Il s'avéra plus tard que le pacte de Marrakech était non contraignant. Comme la nouvelle manière de draguer. La déflagration #MeToo était passée par là, il fallait maintenant demander le consentement. La Terreur s'était installée dans la classe masculine, plus personne n'oser draguer, de peur de finir guillotiné comme Emmanuel Macron. La masculinité était en crise, Julien Rochedy appelait les derniers résistants à ne pas devenir des «grosses flaques». Go muscu. Quelques femmes tentaient encore de défendre la «liberté d'importuner» mais le coeur n'y était plus. «Tu sais twerker ?», tentait Martin Solveig, dans un chant du cygne du patriarcat.  

16590319

Le mâle blanc avait été officiellement placé sur la liste des espèces en voie de disparition. Le féminisme avait sonné le glas de cette réunion en non-mixité qui durait depuis des siècles. Le mâle blanc, pourtant fort visible sur les rond-points, subissait une vague de censure sans précédent. Ouin ouin on ne peut plus rien dire, hurlait-il sur tous les plateaux de télé. Le grand remplacement des mâles blancs par des transgenres, des racisé.e.s et des points médians avait déjà commencé. «Je ne sais pas ce qui vous fait dire que je suis un homme, mais je ne suis pas un homme», tentaient certains, pour échapper à l'opprobre générale. Des végans s'attaquaient à nos boucheries : déjà qu'on ne pouvait plus rien dire, voilà qu'on ne pouvait plus rien manger. 

Dans cette France troublée, il n'était même plus possible d'aller tranquillement à l'aéroport.

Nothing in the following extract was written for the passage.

(* Let $\mathcal A=(Q,\Sigma,\delta,\rho)$ be a connected bireversible Mealy automaton whose labeled orbit tree $\mathfrak t(\mathcal A)$ has no active self-liftable branch, and let $\mathfrak j$ be a jungle tree of $\mathfrak t(\mathcal A)$. Then all equivalence classes of the relation $\sim$ on the stems of $\mathfrak j$ have the same cardinality.
   Context: Mealy automata. A Mealy automaton is $\mathcal A=(Q,\Sigma,\delta,\rho)$ with $Q,\Sigma$ finite non-empty sets, $\delta=(\delta_i\colon Q\to Q)_{i\in\Sigma}$, $\rho=(\rho_x\colon\Sigma\to\Sigma)_{x\in Q}$; transitions $x\xrightarrow{i\mid\rho_x(i)}\delta_i(x)$. Invertible: each $\rho_x$ a permutation of $\Sigma$; reversible: each $\delta_i$ a permutation of $Q$; bireversible: invertible, reversible, and for each $j\in\Sigma$ the map $x\mapsto\delta_{\rho_x^{-1}(j)}(x)$ is a permutation of $Q$. Connected: the directed graph on $Q$ with edges $x\to\delta_i(x)$ is connected. Extensions: $\rho_x(i\mathbf s)=\rho_x(i)\rho_{\delta_i(x)}(\mathbf s)$ on $\Sigma^*$; $\rho_{x_1\cdots x_m}=\rho_{x_m}\circ\cdots\circ\rho_{x_1}$; dually $\delta_i(x\mathbf u)=\delta_i(x)\delta_{\rho_x(i)}(\mathbf u)$ on $Q^*$, $\delta_{i_1\cdots i_m}=\delta_{i_m}\circ\cdots\circ\delta_{i_1}$. The connected components of $\mathcal A^n$ (stateset $Q^n$, transitions $\mathbf u\xrightarrow{i\mid\rho_{\mathbf u}(i)}\delta_i(\mathbf u)$) are, for reversible $\mathcal A$, the orbits of $Q^n$ under the maps $\delta_{\mathbf s}$. Orbit tree $\mathfrak t(\mathcal A)$: vertices at level $n\ge0$ are the connected components of $\mathcal A^n$; an edge from the component of $\mathbf u\in Q^n$ to that of $\mathbf ux$ for all $\mathbf u,x$; edge $C\to D$ labeled $\#D/\#C$. $\top,\bot$ = first/last vertex of a downward path; level of an edge/path = level of its top vertex. A word of $Q^*\cup Q^\omega$ represents the initial path through the components of its prefixes. Edge $e$ is liftable to $f$ if every word of $\bot(e)$ has a suffix in $\bot(f)$; paths are liftable if corresponding edges are. $f$ is a legitimate child of $e$ if $\top(f)=\bot(e)$ and $f$ is liftable to $e$. A path/subtree $\mathfrak s$ is $k$-self-liftable if for all $i\ge0$ every path in $\mathfrak s$ starting at level $i+k$ is liftable to a path in $\mathfrak s$ starting at level $i$; self-liftable if $k$-self-liftable for some $k>0$. A branch (infinite initial path) is active if its labels are not eventually all $1$. Jungle trees: for a finite 1-self-liftable initial path $\mathbf e$ of length $n$ whose last edge has at least two legitimate children, all labeled $1$, $\mathfrak j(\mathbf e)$ consists of $\mathbf e$ plus all edges descending from $\bot(\mathbf e)$ that are liftable to the last edge of $\mathbf e$. Stems: the words of $\bot(\mathbf e)\subseteq Q^n$. A $\mathfrak j$-word is a word representing an initial path of $\mathfrak j$. For stems $\mathbf u,\mathbf v$: $\mathbf u\sim\mathbf v$ iff there is $\mathbf s\in Q^*$ such that $\mathbf{usv}$ is a $\mathfrak j$-word and $\rho_{\mathbf{us}}$ is the identity of $\Sigma^*$ ($\sim$ is an equivalence relation). *)

theory Defs
  imports Complex_Main "HOL-Library.Sublist"
begin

Kaaris et Booba se croisaient au duty-free d'Orly et ça partait en sucette comme un 1er mai place de la Contrescarpe. Hello papi mais qué pasa? J'entends des bails atroces sur moi. Suite à ses multiples insultes, diffamations et provocations, Booba acceptait d’affronter Kaaris en combat libre, et ce malgré son âge (41 ans cette année) et bien que le lancer de parfums ne soit pas sa spécialité. Qu'elles semblaient loin les émeutes du Nutella. À Orly, on se battait à coup d'Allure Homme Sport de Chanel.

booba kaaris

Si les fins de mois n'étaient pas difficiles pour tous, la fin du monde, elle, approchait à grand pas. Le temps d'un «moment de grâce» radiophonique, Nicolas Hulot démissionnait du ministère de l'Écologie. Pendant ce temps, la France ne respectait pas les engagements des Accords de Paris, 2018 était l'année la plus chaude dans l'Hexagone depuis plus d'un siècle et les chasseurs, premiers écologistes de France, tiraient sur les VTT. «On dira quoi aux gosses ? Qu'on a bien essayé ? Nan, faudra pas bégayer», chantait Vald.

La jeunesse n'y croyait déjà plus et préférait bouffer des capsules de lessive Tide pod que de voir ce désastre. Papa et maman faisaient la révolution, mais où étaient donc passés les jeunes ? Ils avaient autre chose à foutre, les programmes scolaires étaient surchargés : cours de masturbation à l'école maternelle, cours d'arabe obligatoire dès le CP, tout ça pour finir en rade sur Parcoursup.

Alors que la tête de Macrouille s'apprêtait à tomber sur le billot, tous les scénarios de transition étaient envisagés. On parlait beaucoup d'un retour du Maréchal Pétain ou d'un putsch du Général de Villiers. La vérité, c'est que le seul qui pouvait dead ça, c'était le chien de Tolbiac.